Managed Node Groups work because AWS wires up the node auth path automatically for you. Karpenter nodes are self-managed from the cluster’s perspective, so you must do it.


Quick decision tree (before you change anything)

  1. If you’re on AL2023 and using custom userData
    Remove custom userData first. AL2023 uses nodeadm; don’t force bootstrap.sh.
  2. If you’re on Access Entries only (authentication_mode = API)
    You likely need the hybrid fix below.
  3. If you’re on AL2 and nodes don’t join
    This is usually networking/security-group/endpoint reachability, not this specific auth trap.

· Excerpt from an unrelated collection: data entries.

(* Let $\preceq$ be a binary relation on $L$. Then $\preceq$ is an E-relation if and only if $\preceq\, =\, \preceq_{\vec{\mathcal U}}$ for some $\vec{\mathcal U} \in \Upsilon$.
   Context: $L$ is a propositional language built from a finite set of propositional variables with the connectives $\neg,\wedge,\vee,\rightarrow,\top,\bot$; $W$ is the finite set of propositional worlds (truth assignments). For $\theta\in L$, $S_\theta=\{w\in W\mid w\models\theta\}$. For $E\cup\{\phi\}\subseteq L$, $E\models\phi$ means $\bigcap_{\theta\in E}S_\theta\subseteq S_\phi$; $\theta\models\phi$ means $\{\theta\}\models\phi$, and $\models\phi$ means $\emptyset\models\phi$. Sequences: consider finite sequences $\vec{\mathcal U}=(\mathcal U_0,\ldots,\mathcal U_k)$ ($k\ge 0$) of mutually disjoint subsets of $W$ (components may be empty, and $\emptyset$ may occur several times). For $\theta\in L$, $\mathrm{rank}^{\vec{\mathcal U}}(\theta)$ is the least $i$ with $\mathcal U_i\cap S_\theta\neq\emptyset$, and $\infty$ if there is no such $i$ (with $i<\infty$ for every integer $i$). Define $\theta\mid\!\sim_{\vec{\mathcal U}}\phi$ iff either $\mathrm{rank}^{\vec{\mathcal U}}(\theta)<\mathrm{rank}^{\vec{\mathcal U}}(\theta\wedge\neg\phi)$ or $\mathrm{rank}^{\vec{\mathcal U}}(\theta)=\infty$. $\vec{\mathcal U}$ is full iff $\bigcup_i\mathcal U_i=W$, and empty iff $\bigcup_i\mathcal U_i=\emptyset$; $\Upsilon$ is the set of all such sequences which are full or empty. For $\vec{\mathcal U}\in\Upsilon$ define $\preceq_{\vec{\mathcal U}}$ on $L$ by: $\theta\preceq_{\vec{\mathcal U}}\phi$ iff (it is not the case that $\neg\theta\vee\neg\phi\mid\!\sim_{\vec{\mathcal U}}\theta$) or $\neg\phi\mid\!\sim_{\vec{\mathcal U}}\bot$. An E-relation (epistemic entrenchment relation) is a relation $\preceq\subseteq L\times L$ such that for all $\theta,\phi,\psi\in L$: (E1) if $\theta\preceq\phi$ and $\phi\preceq\psi$ then $\theta\preceq\psi$; (E2) if $\theta\models\phi$ then $\theta\preceq\phi$; (E3) $\theta\preceq\theta\wedge\phi$ or $\phi\preceq\theta\wedge\phi$; (E4) if there exists $\psi\in L$ with $\bot\prec\psi$, then whenever $\theta\preceq\phi$ for all $\theta\in L$, we have $\models\phi$. Here $\prec$ is the strict part: $\theta\prec\phi$ iff $\theta\preceq\phi$ and not $\phi\preceq\theta$. *)

theory Defs
  imports Main "HOL-Library.Extended_Nat"
begin

datatype 'v form =
    Var 'v
  | Neg "'v form"
  | Conj "'v form" "'v form"
  | Disj "'v form" "'v form"
  | Imp "'v form" "'v form"
  | Top
  | Bot

text \<open>Worlds are truth assignments 'v \<Rightarrow> bool; W is UNIV.\<close>
type_synonym 'v world = "'v \<Rightarrow> bool"

fun sat :: "'v world \<Rightarrow> 'v form \<Rightarrow> bool" where
  "sat w (Var p) = w p"
| "sat w (Neg a) = (\<not> sat w a)"
| "sat w (Conj a b) = (sat w a \<and> sat w b)"
| "sat w (Disj a b) = (sat w a \<or> sat w b)"
| "sat w (Imp a b) = (sat w a \<longrightarrow> sat w b)"
| "sat w Top = True"
| "sat w Bot = False"

definition S :: "'v form \<Rightarrow> 'v world set" where
  "S \<theta> = {w. sat w \<theta>}"

definition entails :: "'v form \<Rightarrow> 'v form \<Rightarrow> bool" where
  "entails \<theta> \<phi> \<longleftrightarrow> S \<theta> \<subseteq> S \<phi>"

The fix: Hybrid authentication (Access Entry + aws-auth)

Step 0: Set cluster authentication mode to hybrid

You must run EKS auth in API_AND_CONFIG_MAP mode so both Access Entries and aws-auth are honored.

# modules/eks/main.tf
module "eks" {
  source  = "terraform-aws-modules/eks/aws"
  version = "20.35.0"

  cluster_name    = "my-eks-cluster"
  cluster_version = "1.33"

  # Required for the hybrid fix
  authentication_mode = "API_AND_CONFIG_MAP"

  # ... rest of EKS config
}

Step 1: Keep the EC2_LINUX Access Entry (don’t remove it)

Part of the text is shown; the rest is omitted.